Items from a data source
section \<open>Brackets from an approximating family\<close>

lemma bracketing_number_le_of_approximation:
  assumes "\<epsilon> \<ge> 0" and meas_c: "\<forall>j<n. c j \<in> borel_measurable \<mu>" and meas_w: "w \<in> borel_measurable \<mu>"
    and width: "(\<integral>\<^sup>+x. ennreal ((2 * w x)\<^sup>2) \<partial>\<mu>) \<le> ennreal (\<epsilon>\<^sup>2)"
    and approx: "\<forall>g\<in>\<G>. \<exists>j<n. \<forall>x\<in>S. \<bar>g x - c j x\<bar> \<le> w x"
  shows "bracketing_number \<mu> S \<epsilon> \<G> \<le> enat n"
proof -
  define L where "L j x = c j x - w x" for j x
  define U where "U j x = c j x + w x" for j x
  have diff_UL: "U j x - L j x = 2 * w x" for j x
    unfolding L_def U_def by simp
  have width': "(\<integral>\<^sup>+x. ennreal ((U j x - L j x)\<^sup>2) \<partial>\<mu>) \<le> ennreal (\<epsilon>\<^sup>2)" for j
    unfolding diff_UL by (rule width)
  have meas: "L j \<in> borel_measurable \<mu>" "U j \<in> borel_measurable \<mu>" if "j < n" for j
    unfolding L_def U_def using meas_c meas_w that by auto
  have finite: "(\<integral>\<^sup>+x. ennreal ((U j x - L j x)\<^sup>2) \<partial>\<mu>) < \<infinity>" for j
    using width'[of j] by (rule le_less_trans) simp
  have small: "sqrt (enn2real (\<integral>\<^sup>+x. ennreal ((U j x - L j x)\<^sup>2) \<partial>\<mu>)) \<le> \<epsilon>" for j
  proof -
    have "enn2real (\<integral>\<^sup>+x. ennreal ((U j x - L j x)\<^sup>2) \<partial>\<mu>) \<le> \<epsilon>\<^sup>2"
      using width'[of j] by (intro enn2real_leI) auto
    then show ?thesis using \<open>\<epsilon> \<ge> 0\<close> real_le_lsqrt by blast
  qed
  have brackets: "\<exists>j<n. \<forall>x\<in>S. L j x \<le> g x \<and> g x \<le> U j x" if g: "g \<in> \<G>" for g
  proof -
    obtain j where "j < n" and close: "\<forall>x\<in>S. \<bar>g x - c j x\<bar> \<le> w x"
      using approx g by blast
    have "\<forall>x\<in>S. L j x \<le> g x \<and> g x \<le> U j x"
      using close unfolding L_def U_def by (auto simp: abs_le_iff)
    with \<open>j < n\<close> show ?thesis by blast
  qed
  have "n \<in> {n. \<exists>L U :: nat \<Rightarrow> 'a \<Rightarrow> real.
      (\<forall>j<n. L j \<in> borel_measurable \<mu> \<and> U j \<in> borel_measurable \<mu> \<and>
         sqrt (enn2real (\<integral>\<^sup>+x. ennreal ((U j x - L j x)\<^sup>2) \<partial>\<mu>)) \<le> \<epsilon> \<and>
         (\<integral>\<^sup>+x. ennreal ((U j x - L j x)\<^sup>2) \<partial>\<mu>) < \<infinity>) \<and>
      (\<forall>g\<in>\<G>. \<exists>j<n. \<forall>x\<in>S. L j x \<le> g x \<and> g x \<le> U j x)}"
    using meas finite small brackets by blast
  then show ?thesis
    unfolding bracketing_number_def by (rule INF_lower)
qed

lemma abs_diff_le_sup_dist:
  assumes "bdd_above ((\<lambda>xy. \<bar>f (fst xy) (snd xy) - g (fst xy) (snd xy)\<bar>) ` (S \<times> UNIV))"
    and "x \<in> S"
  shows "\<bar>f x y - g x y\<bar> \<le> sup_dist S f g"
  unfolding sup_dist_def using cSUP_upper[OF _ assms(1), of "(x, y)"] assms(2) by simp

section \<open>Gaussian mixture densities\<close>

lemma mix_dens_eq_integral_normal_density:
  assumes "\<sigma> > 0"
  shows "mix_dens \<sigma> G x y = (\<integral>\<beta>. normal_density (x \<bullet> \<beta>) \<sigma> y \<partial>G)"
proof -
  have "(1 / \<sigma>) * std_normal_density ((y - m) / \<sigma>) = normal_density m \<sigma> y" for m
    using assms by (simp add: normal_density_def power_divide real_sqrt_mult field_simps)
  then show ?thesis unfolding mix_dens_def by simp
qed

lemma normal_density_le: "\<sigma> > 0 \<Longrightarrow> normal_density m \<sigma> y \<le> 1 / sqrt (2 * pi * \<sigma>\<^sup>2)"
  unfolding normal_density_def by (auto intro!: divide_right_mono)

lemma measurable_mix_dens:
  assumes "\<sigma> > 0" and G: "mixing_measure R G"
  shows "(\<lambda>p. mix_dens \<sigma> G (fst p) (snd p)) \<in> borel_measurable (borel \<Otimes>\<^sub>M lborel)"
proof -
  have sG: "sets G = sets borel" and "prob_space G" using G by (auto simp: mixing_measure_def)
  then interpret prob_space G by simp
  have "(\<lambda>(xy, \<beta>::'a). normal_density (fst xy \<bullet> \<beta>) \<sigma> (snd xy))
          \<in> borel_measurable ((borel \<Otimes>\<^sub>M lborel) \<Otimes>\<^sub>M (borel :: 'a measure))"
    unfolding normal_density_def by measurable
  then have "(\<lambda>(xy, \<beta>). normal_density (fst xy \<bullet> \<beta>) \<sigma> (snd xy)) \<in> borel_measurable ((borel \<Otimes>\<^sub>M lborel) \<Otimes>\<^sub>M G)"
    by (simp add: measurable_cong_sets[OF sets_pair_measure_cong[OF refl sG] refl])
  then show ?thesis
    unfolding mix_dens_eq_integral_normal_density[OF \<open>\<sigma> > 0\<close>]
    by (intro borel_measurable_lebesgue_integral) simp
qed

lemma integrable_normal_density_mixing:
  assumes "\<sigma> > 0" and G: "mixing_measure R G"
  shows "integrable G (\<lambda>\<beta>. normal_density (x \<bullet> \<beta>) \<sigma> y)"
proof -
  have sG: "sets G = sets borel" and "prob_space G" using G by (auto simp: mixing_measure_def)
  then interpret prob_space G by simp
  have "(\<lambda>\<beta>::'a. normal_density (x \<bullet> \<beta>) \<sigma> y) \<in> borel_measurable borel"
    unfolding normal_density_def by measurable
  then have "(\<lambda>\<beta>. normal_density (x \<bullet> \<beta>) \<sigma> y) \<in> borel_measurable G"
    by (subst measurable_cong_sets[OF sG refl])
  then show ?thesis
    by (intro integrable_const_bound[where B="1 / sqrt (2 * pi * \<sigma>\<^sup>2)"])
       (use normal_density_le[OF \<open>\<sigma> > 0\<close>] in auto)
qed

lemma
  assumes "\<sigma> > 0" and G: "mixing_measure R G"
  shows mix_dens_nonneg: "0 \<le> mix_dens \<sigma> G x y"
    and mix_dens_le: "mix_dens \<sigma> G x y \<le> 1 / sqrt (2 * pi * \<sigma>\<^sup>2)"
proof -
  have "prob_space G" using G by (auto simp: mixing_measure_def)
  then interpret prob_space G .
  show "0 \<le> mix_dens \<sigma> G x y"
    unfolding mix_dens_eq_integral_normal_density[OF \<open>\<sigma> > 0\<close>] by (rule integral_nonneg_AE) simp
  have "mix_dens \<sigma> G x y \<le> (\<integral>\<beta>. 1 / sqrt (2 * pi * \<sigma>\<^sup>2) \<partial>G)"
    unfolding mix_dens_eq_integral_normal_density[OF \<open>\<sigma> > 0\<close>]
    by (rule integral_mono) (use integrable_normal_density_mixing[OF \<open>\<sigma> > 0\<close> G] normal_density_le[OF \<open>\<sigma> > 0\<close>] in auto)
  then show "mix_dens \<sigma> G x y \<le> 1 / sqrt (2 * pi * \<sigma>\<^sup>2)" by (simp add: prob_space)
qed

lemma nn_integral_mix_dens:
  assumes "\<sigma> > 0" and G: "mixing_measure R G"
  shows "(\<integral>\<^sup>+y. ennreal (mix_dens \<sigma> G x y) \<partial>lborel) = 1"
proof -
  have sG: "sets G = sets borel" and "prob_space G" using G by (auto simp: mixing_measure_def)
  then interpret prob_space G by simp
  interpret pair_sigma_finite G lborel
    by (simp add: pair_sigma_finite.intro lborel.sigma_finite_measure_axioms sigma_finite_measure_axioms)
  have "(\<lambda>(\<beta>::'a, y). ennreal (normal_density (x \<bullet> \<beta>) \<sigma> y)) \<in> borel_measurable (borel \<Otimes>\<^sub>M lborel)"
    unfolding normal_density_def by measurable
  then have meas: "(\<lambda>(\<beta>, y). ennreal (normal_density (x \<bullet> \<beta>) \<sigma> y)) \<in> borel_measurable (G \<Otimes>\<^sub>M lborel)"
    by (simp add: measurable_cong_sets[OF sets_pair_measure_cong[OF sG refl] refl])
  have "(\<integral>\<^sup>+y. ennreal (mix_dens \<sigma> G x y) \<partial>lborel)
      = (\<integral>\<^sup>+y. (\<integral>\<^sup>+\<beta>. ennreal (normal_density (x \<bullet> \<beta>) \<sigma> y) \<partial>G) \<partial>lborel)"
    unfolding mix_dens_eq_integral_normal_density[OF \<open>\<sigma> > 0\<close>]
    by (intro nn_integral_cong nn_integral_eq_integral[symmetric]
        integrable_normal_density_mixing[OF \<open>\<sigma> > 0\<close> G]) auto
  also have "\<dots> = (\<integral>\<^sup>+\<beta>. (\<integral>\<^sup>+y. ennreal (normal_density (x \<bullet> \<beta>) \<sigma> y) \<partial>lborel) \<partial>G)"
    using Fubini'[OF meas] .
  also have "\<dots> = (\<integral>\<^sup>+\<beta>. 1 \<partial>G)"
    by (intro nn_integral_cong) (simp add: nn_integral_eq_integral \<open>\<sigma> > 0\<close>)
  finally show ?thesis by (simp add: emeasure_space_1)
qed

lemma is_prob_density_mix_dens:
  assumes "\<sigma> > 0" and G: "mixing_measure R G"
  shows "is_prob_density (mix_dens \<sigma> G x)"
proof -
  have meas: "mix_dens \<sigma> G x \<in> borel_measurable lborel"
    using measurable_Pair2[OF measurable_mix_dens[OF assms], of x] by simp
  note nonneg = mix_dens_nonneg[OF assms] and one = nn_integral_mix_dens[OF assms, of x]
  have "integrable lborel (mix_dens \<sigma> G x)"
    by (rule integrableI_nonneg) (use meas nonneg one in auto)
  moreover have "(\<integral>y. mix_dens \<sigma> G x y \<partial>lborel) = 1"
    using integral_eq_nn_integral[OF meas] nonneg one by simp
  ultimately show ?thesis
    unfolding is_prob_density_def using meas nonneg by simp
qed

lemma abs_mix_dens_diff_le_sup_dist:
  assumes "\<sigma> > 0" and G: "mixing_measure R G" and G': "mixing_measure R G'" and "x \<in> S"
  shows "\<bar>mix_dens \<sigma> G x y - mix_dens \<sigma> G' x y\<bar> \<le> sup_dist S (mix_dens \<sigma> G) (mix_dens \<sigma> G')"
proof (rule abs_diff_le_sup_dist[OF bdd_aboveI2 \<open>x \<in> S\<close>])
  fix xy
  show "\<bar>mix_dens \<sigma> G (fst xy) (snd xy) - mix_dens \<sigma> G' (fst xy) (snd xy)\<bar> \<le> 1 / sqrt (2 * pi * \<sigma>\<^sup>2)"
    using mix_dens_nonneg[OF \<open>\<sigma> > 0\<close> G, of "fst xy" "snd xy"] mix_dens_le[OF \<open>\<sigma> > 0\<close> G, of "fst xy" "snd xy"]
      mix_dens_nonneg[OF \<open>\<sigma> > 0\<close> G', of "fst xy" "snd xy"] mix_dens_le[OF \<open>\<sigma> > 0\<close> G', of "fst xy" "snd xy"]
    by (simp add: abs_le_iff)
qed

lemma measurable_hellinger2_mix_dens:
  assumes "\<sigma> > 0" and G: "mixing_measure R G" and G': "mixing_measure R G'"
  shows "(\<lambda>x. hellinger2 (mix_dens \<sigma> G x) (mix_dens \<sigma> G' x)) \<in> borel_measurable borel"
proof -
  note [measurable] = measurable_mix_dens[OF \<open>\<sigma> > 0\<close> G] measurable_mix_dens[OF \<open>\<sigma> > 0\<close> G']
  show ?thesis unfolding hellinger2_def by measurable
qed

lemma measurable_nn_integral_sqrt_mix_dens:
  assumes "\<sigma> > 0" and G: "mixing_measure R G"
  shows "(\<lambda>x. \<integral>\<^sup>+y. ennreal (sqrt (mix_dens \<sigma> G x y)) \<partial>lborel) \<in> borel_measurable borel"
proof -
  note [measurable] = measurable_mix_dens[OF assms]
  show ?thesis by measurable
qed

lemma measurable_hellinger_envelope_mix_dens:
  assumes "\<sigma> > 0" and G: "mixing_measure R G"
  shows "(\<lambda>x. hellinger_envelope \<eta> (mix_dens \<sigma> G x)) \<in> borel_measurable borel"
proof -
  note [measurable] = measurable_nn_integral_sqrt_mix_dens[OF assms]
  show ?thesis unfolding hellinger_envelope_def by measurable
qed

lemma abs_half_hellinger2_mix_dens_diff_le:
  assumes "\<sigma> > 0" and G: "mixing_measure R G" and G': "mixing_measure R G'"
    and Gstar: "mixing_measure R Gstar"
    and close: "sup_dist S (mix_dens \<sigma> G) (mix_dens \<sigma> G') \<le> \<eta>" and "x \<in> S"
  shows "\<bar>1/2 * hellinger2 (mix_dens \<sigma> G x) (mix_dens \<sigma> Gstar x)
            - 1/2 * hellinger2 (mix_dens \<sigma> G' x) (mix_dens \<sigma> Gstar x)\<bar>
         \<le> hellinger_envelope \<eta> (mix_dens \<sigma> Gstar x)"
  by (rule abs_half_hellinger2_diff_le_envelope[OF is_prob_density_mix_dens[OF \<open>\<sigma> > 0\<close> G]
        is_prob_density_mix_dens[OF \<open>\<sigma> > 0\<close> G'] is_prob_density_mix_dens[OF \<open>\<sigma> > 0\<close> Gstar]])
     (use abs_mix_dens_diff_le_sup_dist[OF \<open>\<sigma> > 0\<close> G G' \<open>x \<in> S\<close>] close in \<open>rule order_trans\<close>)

▶ Required work
Please copy every line in the entries where "exists" appears.

▶ Answer below
    and approx: "\<forall>g\<in>\<G>. \<exists>j<n. \<forall>x\<in>S. \<bar>g x - c j x\<bar> \<le> w x"
  have brackets: "\<exists>j<n. \<forall>x\<in>S. L j x \<le> g x \<and> g x \<le> U j x" if g: "g \<in> \<G>" for g
  have "n \<in> {n. \<exists>L U :: nat \<Rightarrow> 'a \<Rightarrow> real.
      (\<forall>g\<in>\<G>. \<exists>j<n. \<forall>x\<in>S. L j x \<le> g x \<and> g x \<le> U j x)}"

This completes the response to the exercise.